I saw my first stands of Forsythia the week between my father’s death and his funeral. Our family is a family who notices the natural world so I spent much of the week calling my sister to tell her about Forsythia and she called me to tell me about the birds. My brother, the back woods guy, would check in with the slower progression of Spring from his mountain home. Other years, we would have rushed to tell Dad; we still keep Mom up-to-date on the outside world. Alzheimer’s and partial blindness aside, her sense of the outside world remains keen. She can’t notice for herself, so we notice for her.
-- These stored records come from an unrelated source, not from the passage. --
lemma lower_bound_of_ln_perturbation:
  fixes K \<eta> \<tau> u v \<alpha> \<beta> :: real
  assumes H: "\<forall>t>0. 0 \<le> K + \<eta> * t + \<tau> * ln ((u + t) / \<alpha>) + \<tau> * ln ((v + t) / \<beta>)"
    and "0 \<le> v" "v \<le> \<beta>" "\<beta> > 0" "\<alpha> > 0" "u \<ge> 0" "\<tau> > 0"
  shows "\<alpha> * exp (- K / \<tau>) \<le> u"
proof -
  define f where "f t = \<alpha> * exp ((- K - \<eta> * t - \<tau> * ln ((\<beta> + t) / \<beta>)) / \<tau>)" for t
  have eventually_le: "eventually (\<lambda>t. f t \<le> u + t) (at_right 0)"
  proof (rule eventually_at_rightI[where b = 1])
    fix t :: real
    assume "t \<in> {0<..<1}"
    then have t: "t > 0" by simp
    text \<open>v \<le> \<beta> lets us replace the unknown v by \<beta>, which removes v from the bound.\<close>
    have "ln ((v + t) / \<beta>) \<le> ln ((\<beta> + t) / \<beta>)"
      using assms t by (subst ln_le_cancel_iff) (auto simp: divide_right_mono)
    then have "\<tau> * ln ((v + t) / \<beta>) \<le> \<tau> * ln ((\<beta> + t) / \<beta>)"
      using assms by (intro mult_left_mono) auto
    moreover have "0 \<le> K + \<eta> * t + \<tau> * ln ((u + t) / \<alpha>) + \<tau> * ln ((v + t) / \<beta>)"
      using H t by blast
    ultimately have "0 \<le> K + \<eta> * t + \<tau> * ln ((u + t) / \<alpha>) + \<tau> * ln ((\<beta> + t) / \<beta>)"
      by linarith
    then have "(- K - \<eta> * t - \<tau> * ln ((\<beta> + t) / \<beta>)) / \<tau> \<le> ln ((u + t) / \<alpha>)"
      using assms by (simp add: field_simps)
    then have "exp ((- K - \<eta> * t - \<tau> * ln ((\<beta> + t) / \<beta>)) / \<tau>) \<le> (u + t) / \<alpha>"
      using assms t by (metis exp_le_cancel_iff exp_ln add_nonneg_pos divide_pos_pos)
    then show "f t \<le> u + t" using assms unfolding f_def by (simp add: field_simps)
  qed simp
  have lim_f: "(f \<longlongrightarrow> \<alpha> * exp (- K / \<tau>)) (at_right 0)"
  proof -
    have "(f \<longlongrightarrow> \<alpha> * exp ((- K - \<eta> * 0 - \<tau> * ln ((\<beta> + 0) / \<beta>)) / \<tau>)) (at_right 0)"
      unfolding f_def using assms by (intro tendsto_intros) auto
    then show ?thesis using assms by simp
  qed
  have "((\<lambda>t. u + t) \<longlongrightarrow> u + 0) (at_right 0)" by (intro tendsto_intros)
  from tendsto_le[OF _ this lim_f eventually_le] show ?thesis by simp
qed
Noticing is an important part of courtship and marriage. I think that we must be very careful to keep the noticing alive during marriage. Too many of us stop noticing the little things. If we don’t notice we can’t appreciate them. The miraculous in life, and I believe there is much that is miraculous, not the least of which is this marvelous relationship you find yourself in, is often tiny. Often, you have to look closely. Sometimes, like the forsythia, it’s overwhelming in its beauty, but if it comes every year, we begin to reason, how special can it be?

How special that out of cold cane comes the most unbelievable color. Bright vibrant yellow, the color of the sun, reminds us that life is astir in the Earth. Are there images here for you to mine for your wedding sermon or your wedding vows? Are there reasons for you to consider marrying now, now when the Earth is awakening and renewing its promise of life? Do you long to fill vases with cane that will burst into stunning color or soft willow?

If you’re not getting married in this season, why not give your romance a lift and bring home masses of branches to transform your house. Coaxing life and color into dry branches seems to be exactly what love does to us. So celebrate!

You can do this too! Your love deserves nothing less!